How do you plan to do overseas sales? We understand Art Fever has previously made inroads into overseas markets. What was your impression then? Were there any difficulties?
In China, we are going to sell our products at shops in big cities like Shanghai. For Viet Nam, we are coordinating with an entertainment firm on how to promote our bags. In the United States, we will try sales through offline shops and online stores. We are discussing with Amazon and other sites about online sales. From previous experience, we have learned that we should take a step-by-step approach to prevent problems, even if it takes time. For instance, we know that it is crucial to work with trustworthy partners; we once suffered losses although we sold our products because we could neither figure out how many were selling in the foreign market nor manage our inventory properly. To find good partners, we have to meet people and see the local situation with our own eyes. International travel is hard these days, but we plan to do it step by step.
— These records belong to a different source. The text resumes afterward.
(* Let $K$ be a ramified quadratic extension of $\mathbb{Q}_2$, $d=2m$ with $m$ odd, $m\ge3$, and $f=a_1x_1^d+\dots+a_sx_s^d$ with all $a_i\in\mathcal{O}\setminus\{0\}$. Suppose that for some level $k$, $f$ has four distinct variables at level $k$ that can be split into two disjoint pairs, each pair consisting of two variables with the same $\pi$-coefficient, and that $f$ has a variable in at least one of the levels $k+2$, $k+3$, $k+4$. Then $f$ has a nontrivial zero in $K$.
   Context: $\mathcal{O}$ is the ring of integers of $K$ and $\pi$ the uniformizer: $\pi=\sqrt{2},\sqrt{-2},\sqrt{10},\sqrt{-10},1+\sqrt{-1},1+\sqrt{-5}$ for $K=\mathbb{Q}_2(\sqrt2),\mathbb{Q}_2(\sqrt{-2}),\mathbb{Q}_2(\sqrt{10}),\mathbb{Q}_2(\sqrt{-10}),\mathbb{Q}_2(\sqrt{-1}),\mathbb{Q}_2(\sqrt{-5})$ respectively. Each unit $u$ has a unique expansion $u=c_0+c_1\pi+c_2\pi^2+\cdots$ with $c_j\in\{0,1\}$, $c_0=1$. Writing $a_i=\pi^r u$ with $u$ a unit, the variable $x_i$ is at level $r\bmod d$ (levels are residues modulo $d$), and its $\pi$-coefficient is $c_1$ of $u$. A nontrivial zero is a point of $K^s$, not all coordinates zero, where $f$ vanishes. *)

theory Defs
  imports Main
begin

type_synonym z2 = "nat \<Rightarrow> int"

definition Z2 :: "z2 set" where
  "Z2 = {x. \<forall>n. 0 \<le> x n \<and> x n < 2 ^ n \<and> x (Suc n) mod 2 ^ n = x n}"

definition z2_of_int :: "int \<Rightarrow> z2" where
  "z2_of_int k = (\<lambda>n. k mod 2 ^ n)"

definition z2_add :: "z2 \<Rightarrow> z2 \<Rightarrow> z2" where
  "z2_add x y = (\<lambda>n. (x n + y n) mod 2 ^ n)"

definition z2_mul :: "z2 \<Rightarrow> z2 \<Rightarrow> z2" where
  "z2_mul x y = (\<lambda>n. (x n * y n) mod 2 ^ n)"

definition z2_neg :: "z2 \<Rightarrow> z2" where
  "z2_neg x = (\<lambda>n. (- x n) mod 2 ^ n)"

text \<open>An element (a, b) stands for a + b pi. The parameter P = (tr, nm) gives the
minimal polynomial X^2 - tr X + nm of the uniformizer pi over Q_2.\<close>

type_synonym oelt = "z2 \<times> z2"

definition O_carrier :: "oelt set" where
  "O_carrier = Z2 \<times> Z2"

definition o_zero :: oelt where "o_zero = (z2_of_int 0, z2_of_int 0)"
definition o_one :: oelt where "o_one = (z2_of_int 1, z2_of_int 0)"
definition o_pi :: oelt where "o_pi = (z2_of_int 0, z2_of_int 1)"

definition o_add :: "oelt \<Rightarrow> oelt \<Rightarrow> oelt" where
  "o_add u v = (z2_add (fst u) (fst v), z2_add (snd u) (snd v))"

definition o_neg :: "oelt \<Rightarrow> oelt" where
  "o_neg u = (z2_neg (fst u), z2_neg (snd u))"

definition o_sub :: "oelt \<Rightarrow> oelt \<Rightarrow> oelt" where
  "o_sub u v = o_add u (o_neg v)"

definition o_mul :: "int \<times> int \<Rightarrow> oelt \<Rightarrow> oelt \<Rightarrow> oelt" where
  "o_mul P u v =
     (let a = fst u; b = snd u; c = fst v; e = snd v; bd = z2_mul b e in
      (z2_add (z2_mul a c) (z2_neg (z2_mul (z2_of_int (snd P)) bd)),
       z2_add (z2_add (z2_mul a e) (z2_mul b c)) (z2_mul (z2_of_int (fst P)) bd)))"

primrec o_pow :: "int \<times> int \<Rightarrow> oelt \<Rightarrow> nat \<Rightarrow> oelt" where
  "o_pow P u 0 = o_one"
| "o_pow P u (Suc n) = o_mul P (o_pow P u n) u"

primrec o_sum :: "(nat \<Rightarrow> oelt) \<Rightarrow> nat \<Rightarrow> oelt" where
  "o_sum f 0 = o_zero"
| "o_sum f (Suc n) = o_add (o_sum f n) (f n)"

definition o_unit :: "int \<times> int \<Rightarrow> oelt \<Rightarrow> bool" where
  "o_unit P u \<longleftrightarrow> u \<in> O_carrier \<and> (\<exists>v\<in>O_carrier. o_mul P u v = o_one)"

definition o_dvd :: "int \<times> int \<Rightarrow> oelt \<Rightarrow> oelt \<Rightarrow> bool" where
  "o_dvd P u v \<longleftrightarrow> (\<exists>w\<in>O_carrier. v = o_mul P u w)"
Would you tell us about the projects you have in mind to share Hangeul designs and make the Korean alphabet known abroad? What are your future plans? If you have any wish for the KF, please don’t hesitate to say it.
Art Fever plans to present at least one new Hangeul-designed item every year. Our bags will be followed by jewelry pieces featuring Korean letters. What matters most is that our products should be pretty and stand on their own merits and appeal. If we succeed in doing that, we can create a fad that will lead to production of similar goods, and an increasing number of people would consider Hangeul letters as attractive design elements. If an organization like the KF that has public confidence and global networks supports publicity efforts, it will be much easier for Hangeul-lettered goods to advance into markets worldwide. Prominent figures representing Korea might carry Hangeul art bags when they meet foreign audiences. They may also create opportunities to display such goods in places exposed to huge numbers of people. I look forward to seeing greater interest in the global publicity of Korean cultural products.